Interest-only cliff: no longer a thing

No further tightening proposed

It looks as though tighter deposit requirements have run their course. 

Although December 2018 was a horrible quarter for mortgage lending in the lead-up to the end of the Royal Commission, the squeeze on loan-to-value ratios looks to be just about done. 


There are relatively few interest-only (IO) mortgages being written now, and this squeeze also looks to be about done. 

It's a smaller share of a smaller pie, and this is reducing household debt ratios as we speak (contrary to the incorrect claims you might read elsewhere). 


The ADI stock of outstanding IO loans is now less than ¼ of mortgages by value, the lowest on record across the data series. 

This may sound a lot, but most IO loans revert to principal repayment relatively quickly, and anyway IO mortgages can make a lot of sense for borrowers with offset accounts. 

Many borrowers have opted to revert to principal repayment early for the cheaper mortgage rates on offer. 


There was previously some debate surrounding what constituted a 'new' IO loan, but the interest-only 'cliff' is no longer a thing, since any mechanically forced reset no longer applies. 

It's in nobody's interests to see stressed borrowers go into arrears, so the reset should now be managed comfortably enough.

Left the building

It's interesting to note that partly thanks to switching across to cheaper rates, interest repayments have now declined to sit well below 10 per cent of household disposable income, down from 16 per cent a decade earlier.

This is a very significant decline, and this hugely improved level of mortgage serviceability partly accounts for why mortgage arrears remain so low. 

Betwixt the Council of Financial Regulators and the Reserve Bank today the respective authorities confirmed today that there would be no further tightening of lending standards required, instead perhaps implying that banks rather need to write some business.

From the RBA:

"From a financial stability perspective, prudent lending standards are a good thing.
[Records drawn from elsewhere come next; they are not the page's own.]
lemma eventually_small_dips:
  assumes BM: "std_brownian_motion M W" and H: "H > 0" and \<epsilon>: "\<epsilon> > 0" and \<omega>: "\<omega> \<in> space M"
  shows "eventually (\<lambda>n. \<omega> \<in> small_dips M W \<beta> H \<epsilon> n) sequentially"
proof -
  define X where "X t = drift_bm W \<beta> t \<omega>" for t
  have "continuous_on {0..H} X"
    unfolding X_def using drift_bm_continuous[OF BM \<omega>] by (rule continuous_on_subset) auto
  then have "uniformly_continuous_on {0..H} X"
    by (rule compact_uniformly_continuous) simp
  then obtain d where d: "d > 0" "\<And>s t. s \<in> {0..H} \<Longrightarrow> t \<in> {0..H} \<Longrightarrow> dist t s < d \<Longrightarrow> dist (X t) (X s) < \<epsilon>"
    using \<epsilon> unfolding uniformly_continuous_on_def by metis
  have "(\<lambda>n::nat. H / 2^n) \<longlonglongrightarrow> 0" by real_asymp
  then have "eventually (\<lambda>n. H / 2^n < d) sequentially"
    using d(1) by (rule order_tendstoD)
  then show ?thesis
  proof (rule eventually_mono)
    fix n assume mesh: "H / 2^n < d"
    have dip: "X (real k * (H / 2^n)) - \<epsilon> \<le> X r"
      if k: "k < 2^n" and r: "real k * (H / 2^n) \<le> r" "r \<le> real (Suc k) * (H / 2^n)" for k r
    proof -
      define a where "a = real k * (H / 2^n)"
      have "real (Suc k) \<le> 2^n" using k
        by (metis Suc_leI of_nat_le_iff of_nat_numeral of_nat_power)
      then have "real (Suc k) * (H / 2^n) \<le> H"
        using H mult_right_mono[of "real (Suc k)" "2^n" "H / 2^n"] by simp
      moreover have "real (Suc k) * (H / 2^n) = a + H / 2^n"
        unfolding a_def by (simp add: algebra_simps add_divide_distrib)
      moreover have "0 \<le> a" unfolding a_def using H by simp
      ultimately have "a \<in> {0..H}" "r \<in> {0..H}" "dist r a < d"
        using r mesh unfolding a_def[symmetric] by (auto simp: dist_real_def)
      then have "dist (X r) (X a) < \<epsilon>" by (rule d(2))
      then show ?thesis unfolding a_def by (simp add: dist_real_def)
    qed
    show "\<omega> \<in> small_dips M W \<beta> H \<epsilon> n"
      unfolding small_dips_def
    proof (intro CollectI conjI allI ballI impI)
      fix k r assume k: "k < 2^n" and "r \<in> \<rat>"
        and r: "real k * (H / 2^n) \<le> r" "r \<le> real (Suc k) * (H / 2^n)"
      from dip[OF k r] show "drift_bm W \<beta> (real k * (H / 2^n)) \<omega> - \<epsilon> \<le> drift_bm W \<beta> r \<omega>"
        unfolding X_def .
    qed (rule \<omega>)
  qed
qed

lemma measure_small_dips_tendsto:
  assumes BM: "std_brownian_motion M W" and "H > 0" and "\<epsilon> > 0"
  shows "(\<lambda>n. measure M (small_dips M W \<beta> H \<epsilon> n)) \<longlonglongrightarrow> 1"
proof -
  interpret prob_space M using std_brownian_motionD(1)[OF BM] .
  define G where "G n = space M \<inter> (\<Inter>m\<in>{n..}. small_dips M W \<beta> H \<epsilon> m)" for n
  have G_sets: "G n \<in> sets M" for n
    unfolding G_def using small_dips_sets[OF BM] by (intro sets.Int sets.top countable_Un_Int(2)) auto
  have "incseq G"
  proof (rule incseq_SucI)
    show "G n \<subseteq> G (Suc n)" for n
      unfolding G_def by (intro Int_mono order_refl INF_superset_mono) auto
  qed
  moreover have "(\<Union>n. G n) = space M"
  proof
    show "(\<Union>n. G n) \<subseteq> space M" unfolding G_def by blast
    show "space M \<subseteq> (\<Union>n. G n)"
    proof
      fix \<omega> assume \<omega>: "\<omega> \<in> space M"
      then obtain n where "\<forall>m\<ge>n. \<omega> \<in> small_dips M W \<beta> H \<epsilon> m"
        using eventually_small_dips[OF assms] unfolding eventually_sequentially by blast
      with \<omega> have "\<omega> \<in> G n" unfolding G_def by blast
      then show "\<omega> \<in> (\<Union>n. G n)" by blast
    qed
  qed
  ultimately have G_lim: "(\<lambda>n. measure M (G n)) \<longlonglongrightarrow> 1"
    using finite_Lim_measure_incseq[of G] G_sets by (auto simp: prob_space)
  have "G n \<subseteq> small_dips M W \<beta> H \<epsilon> n" for n
    unfolding G_def by (intro le_infI2 INT_lower) simp
  then have "eventually (\<lambda>n. measure M (G n) \<le> measure M (small_dips M W \<beta> H \<epsilon> n)) sequentially"
    using small_dips_sets[OF BM] by (intro always_eventually allI finite_measure_mono)
  moreover have "eventually (\<lambda>n. measure M (small_dips M W \<beta> H \<epsilon> n) \<le> 1) sequentially"
    by (intro always_eventually allI prob_le_1)
  ultimately show ?thesis
    using G_lim tendsto_const by (rule tendsto_sandwich)
qed

lemma grid_cell_cover:
  fixes h s :: real
  assumes "h > 0" and "0 \<le> s" and "s \<le> real k * h" and "k > 0"
  obtains j where "j < k" and "real j * h \<le> s" and "s \<le> real (Suc j) * h"
  using assms(3,4)
proof (induction k arbitrary: thesis)
  case (Suc k)
  show ?case
  proof (cases "0 < k \<and> s \<le> real k * h")
    case True
    then show ?thesis using Suc.IH[of thesis] Suc.prems(1) less_SucI by blast
  next
    case False
    then have "real k * h \<le> s" using assms(2) by auto
    then show ?thesis using Suc.prems(1)[of k] Suc.prems(2) by simp
  qed
qed simp

text \<open>Between grid points the drifted motion dips at most \<open>\<epsilon>\<close> below its grid values, so staying
  above \<open>\<epsilon> - B\<close> on the grid keeps it above \<open>-B\<close>, and hence \<open>Q\<^sub>2 \<ge> 2B + drift_bm\<close> above \<open>B\<close>.\<close>

lemma hits_first_if_exits_above:
  assumes BM: "std_brownian_motion M W" and R: "reflected_solution M \<beta> 0 (2 * B) W Q1 Q2 L"
    and B: "B > 0" and y: "2 * B \<le> y" and H: "H > 0"
    and dips: "\<omega> \<in> small_dips M W \<beta> H \<epsilon> n"
    and exits: "exits_above (\<epsilon> - B) (y - 2 * B) (\<lambda>i. bm_step W \<beta> (H / 2^n) i \<omega>) (2^n)"
  shows "\<omega> \<in> hits_first M Q2 y B"
proof -
  define h where "h = H / 2^n"
  have h: "h > 0" using H unfolding h_def by simp
  have \<omega>: "\<omega> \<in> space M" using dips unfolding small_dips_def by auto
  define X where "X t = drift_bm W \<beta> t \<omega>" for t
  obtain k where k: "k \<le> 2^n" "y - 2 * B \<le> X (real k * h)"
    and above: "\<And>j. j < k \<Longrightarrow> \<epsilon> - B < X (real j * h)"
    using exits unfolding exits_above_def partial_sum_bm_step[OF BM \<omega>] X_def h_def by auto
  define T where "T = real k * h"
  have T: "0 \<le> T" unfolding T_def using h by simp
  have X_above: "- B < X s" if s: "0 \<le> s" "s \<le> T" for s
  proof (cases "k = 0")
    case True
    then show ?thesis using s B drift_bm_zero[OF BM \<omega>] unfolding T_def X_def by simp
  next
    case False
    then obtain j where j: "j < k" "real j * h \<le> s" "s \<le> real (Suc j) * h"
      using grid_cell_cover[OF h s(1)] s(2) unfolding T_def by blast
    then have "X (real j * h) - \<epsilon> \<le> X s"
      using small_dips_drift_bm_ge[OF BM H dips, of j s] k(1) unfolding X_def h_def by simp
    with above[OF j(1)] show ?thesis by simp
  qed
  have Q2_ge: "2 * B + X s \<le> Q2 s \<omega>" if "0 \<le> s" for s
    using reflected_solution_Q2_ge[OF R \<omega> that] unfolding X_def by simp
  have "B < Q2 s \<omega>" if "s \<in> {0..T}" for s
  proof -
    have "- B < X s" "2 * B + X s \<le> Q2 s \<omega>"
      using that X_above Q2_ge by auto
    then show ?thesis by linarith
  qed
  moreover have "y \<le> Q2 T \<omega>"
    using Q2_ge[OF T] k(2) unfolding T_def by simp
  ultimately show ?thesis
    using hitting_time_less_if_reaches[OF reflected_solution_pathD(2)[OF R \<omega>] _ T, of y B]
      reflected_solution_Q2_zero[OF R \<omega>] y \<omega>
    unfolding hits_first_def by auto
qed

section \<open>Passing to the limit\<close>

lemma (in prob_space) prob_ge_if_Int_subset:
  assumes "U \<in> events" and "G \<in> events" and "S \<in> events" and "U \<inter> G \<subseteq> S"
  shows "prob U - (1 - prob G) \<le> prob S"
proof -
  have "prob U \<le> prob (S \<union> (space M - G))"
    using assms sets.sets_into_space[OF assms(1)] by (intro finite_measure_mono) auto
  also have "\<dots> \<le> prob S + prob (space M - G)"
    using assms by (intro measure_Un_le) auto
  finally show ?thesis
    using prob_compl[OF assms(2)] by simp
qed

lemma prob_hits_first_ge_grid:
  assumes \<beta>: "\<beta> > 0" and B: "B > 0" and BM: "std_brownian_motion M W"
    and R: "reflected_solution M \<beta> 0 (2 * B) W Q1 Q2 L" and y: "2 * B \<le> y"
    and \<epsilon>: "0 < \<epsilon>" "\<epsilon> < B" and H: "H > 0"
  shows "exp (- \<beta> * (y - 2 * B + \<epsilon>)) * (1 - exp (- \<beta> * (B - \<epsilon>)))
      - exp (\<beta> * (y - 2 * B)) * (exp (\<beta> * (B - \<epsilon>) / 2 - \<beta>\<^sup>2 * H / 4)
          + 2^n * exp (\<beta> * sqrt (H / 2^n) + 1 - \<epsilon> / sqrt (H / 2^n)))
      - (1 - measure M (small_dips M W \<beta> H \<epsilon> n))
    \<le> measure M (hits_first M Q2 y B)"
proof -
  interpret prob_space M using std_brownian_motionD(1)[OF BM] .
  define h where "h = H / 2^n"
  have h: "h > 0" using H by (simp add: h_def)
  define U where "U = {\<omega> \<in> space M. exits_above (\<epsilon> - B) (y - 2 * B) (\<lambda>i. bm_step W \<beta> h i \<omega>) (2^n)}"
  define G where "G = small_dips M W \<beta> H \<epsilon> n"
  define S where "S = hits_first M Q2 y B"
  have lo: "\<epsilon> - B < 0" and hi: "0 \<le> y - 2 * B" and \<mu>: "0 \<le> 1 / sqrt h"
    using \<epsilon> y h by simp_all
  note bound = prob_exits_above_ge[OF BM h _ \<beta> lo hi \<epsilon>(1) \<mu>, of "2^n", folded U_def]
  have "(1 - exp (\<beta> * (\<epsilon> - B))) / exp (\<beta> * (y - 2 * B + \<epsilon>))
      = exp (- \<beta> * (y - 2 * B + \<epsilon>)) * (1 - exp (- \<beta> * (B - \<epsilon>)))"
  proof -
    have "- \<beta> * (B - \<epsilon>) = \<beta> * (\<epsilon> - B)" by (simp add: algebra_simps)
    moreover have "exp (- \<beta> * (y - 2 * B + \<epsilon>)) = inverse (exp (\<beta> * (y - 2 * B + \<epsilon>)))"
      by (simp add: exp_minus[symmetric])
    ultimately show ?thesis by (simp add: divide_inverse mult.commute)
  qed
  moreover have "exp (- \<beta> * (\<epsilon> - B) / 2 - \<beta>\<^sup>2 * (real (2^n) * h) / 4)
      = exp (\<beta> * (B - \<epsilon>) / 2 - \<beta>\<^sup>2 * H / 4)"
    by (simp add: h_def algebra_simps)
  moreover have "1 / sqrt h * (\<beta> + 1 / sqrt h) * h - 1 / sqrt h * \<epsilon> = \<beta> * sqrt h + 1 - \<epsilon> / sqrt h"
    using h by (simp add: field_simps real_sqrt_mult[symmetric])
  moreover have "real (2^n) = (2::real)^n" by simp
  ultimately have U_ge: "exp (- \<beta> * (y - 2 * B + \<epsilon>)) * (1 - exp (- \<beta> * (B - \<epsilon>)))
      - exp (\<beta> * (y - 2 * B)) * (exp (\<beta> * (B - \<epsilon>) / 2 - \<beta>\<^sup>2 * H / 4)
          + 2^n * exp (\<beta> * sqrt h + 1 - \<epsilon> / sqrt h)) \<le> measure M U"
    using bound by simp
  have U_sets: "U \<in> sets M"
    unfolding U_def by (rule exits_above_bm_step_sets[OF BM])
  have S_sets: "S \<in> sets M"
    unfolding S_def using reflected_solution_measurable[OF R] reflected_solution_pathD(2)[OF R]
      reflected_solution_Q2_zero[OF R] B y by (intro hits_first_sets) auto
  have G_sets: "G \<in> sets M"
    unfolding G_def by (rule small_dips_sets[OF BM])
  have "U \<inter> G \<subseteq> S"
    using hits_first_if_exits_above[OF BM R B y H] unfolding U_def G_def S_def h_def by blast
  from prob_ge_if_Int_subset[OF U_sets G_sets S_sets this] U_ge
  show ?thesis
    unfolding S_def G_def h_def by simp
qed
They ensure that households and banks are resilient to changes in circumstances. 

But there needs to be a balance. The regulators are not proposing any further tightening in lending standards. 

And the appropriate amount of credit risk is not zero – banks need to continue to lend and that will inevitably involve some credit losses."

Welcome news, while fixed mortgage rates are being cut widely as funding costs have declined. 

The regulators have left the building (for the time being!).